Here, the valuation given by the taxpayer's expert failed to represent all of the interests in the property and failed to value the property as though the taxpayer possessed the property in fee simple. The appraiser's valuation, on the other hand, was properly based upon the fair market value of the unencumbered fee.
The taxpayer contends that the fair market value of the property should be reduced due to the HUD restrictions which limit the income derived from the property. In support of this proposition, the taxpayer urges us to follow Community Dev. Co. v. Bd. of Assessors, 377 Mass. 351, 385 N.E.2d 1376 (1979), wherein the Massachusetts Supreme Court held that the tax board erred in failing to consider HUD restrictions on the property in determining the proper estimated annual income figure for tax assessment purposes and in basing its valuation on higher fair market rates. The Massachusetts courts favor the capitalization of income method to determine the "fair cash value" of federally restricted housing projects. Id.; Board of Assessors v. Tammy Brook Co., 368 Mass. 810, 331 N.E.2d 531 (1975). However, the legislature in our state requires utilization of all of the statutory criteria outlined in section 193.011 to determine the just valuation of income-producing property. Therefore, we are not persuaded by the taxpayer's argument. Finally, even if a policy reason exists for reducing the valuation on HUD regulated properties, this court is required to follow the controlling decisions of the Florida Supreme Court. Hoffman v. Jones, 280 So.2d 431 (Fla. 1973).
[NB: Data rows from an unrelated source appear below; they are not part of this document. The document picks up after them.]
lemma ex_power_bracket:
  fixes a b c :: nat
  assumes "1 < b" "0 < c" "c < a"
  obtains k where "c * b^k < a" "a \<le> c * b^Suc k"
proof -
  have "a < b^a"
    using assms(1) by (simp add: power_gt_expt)
  also have "b^a \<le> c * b^a"
    using assms(2) by simp
  finally have "\<exists>m. a \<le> c * b^m"
    by (auto intro: less_imp_le)
  define m where "m = (LEAST m. a \<le> c * b^m)"
  have "a \<le> c * b^m"
    unfolding m_def using \<open>\<exists>m. a \<le> c * b^m\<close> by (rule LeastI_ex)
  moreover have "m \<noteq> 0"
    using \<open>a \<le> c * b^m\<close> assms(3) by (cases m) auto
  moreover have "c * b^(m - 1) < a"
    using not_less_Least[of "m - 1" "\<lambda>m. a \<le> c * b^m"] \<open>m \<noteq> 0\<close> by (simp add: m_def)
  ultimately show ?thesis
    using that[of "m - 1"] by simp
qed

theorem theorem2p6:
  fixes \<alpha> a :: nat
  assumes "\<alpha> > 1" and "\<alpha> mod 3 = 2" and "a > 0"
  shows "real (S \<alpha> 3 1 a) \<le> 1.3 * real a powr (log 3 2)"
proof -
  consider "a \<le> 2" | k where "2 * 3^k < a" "a \<le> 2 * 3^Suc k"
    using ex_power_bracket[of 3 2 a] by force
  then show ?thesis
  proof cases
    case 1
    then have "S \<alpha> 3 1 a \<le> 1"
      using S_3_1_le_two_power[OF assms(2,1), of a 0] by simp
    moreover have "1 \<le> real a powr log 3 2"
      using assms(3) by (intro ge_one_powr_ge_zero) auto
    ultimately show ?thesis
      by simp
  next
    case 2
    then have "S \<alpha> 3 1 a \<le> 2^Suc k"
      by (intro S_3_1_le_two_power[OF assms(2,1)])
    then have "real (S \<alpha> 3 1 a) \<le> 2^Suc k"
      by (metis of_nat_le_iff of_nat_numeral of_nat_power)
    then show ?thesis
      using two_power_le_bound[OF 2(1)] by linarith
  qed
qed

end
Section 193.011, Florida Statutes (1989), states that in arriving at just valuation the property appraiser shall take into consideration the following factors:
(1) The present cash value of the property . . .;
(2) The highest and best use to which the property can be expected to be put in the immediate future and the present use of the property;
(3) The location of said property;
(4) The quantity or size of said property;
(5) The cost of said property and the present replacement value of any improvement thereon;
(6) The condition of said property;
(7) The income from said property; and
(8) The net proceeds of the sale of the property. . . .
We conclude that, notwithstanding the existence of HUD regulations on the property, the taxpayer failed to show that the property appraiser did not follow the requirements of law or that the assessed value was not within the range of reasonable appraisals. Accordingly, we reverse the trial court's order and remand for reinstatement of the property appraiser's assessment.
Reversed and remanded with directions.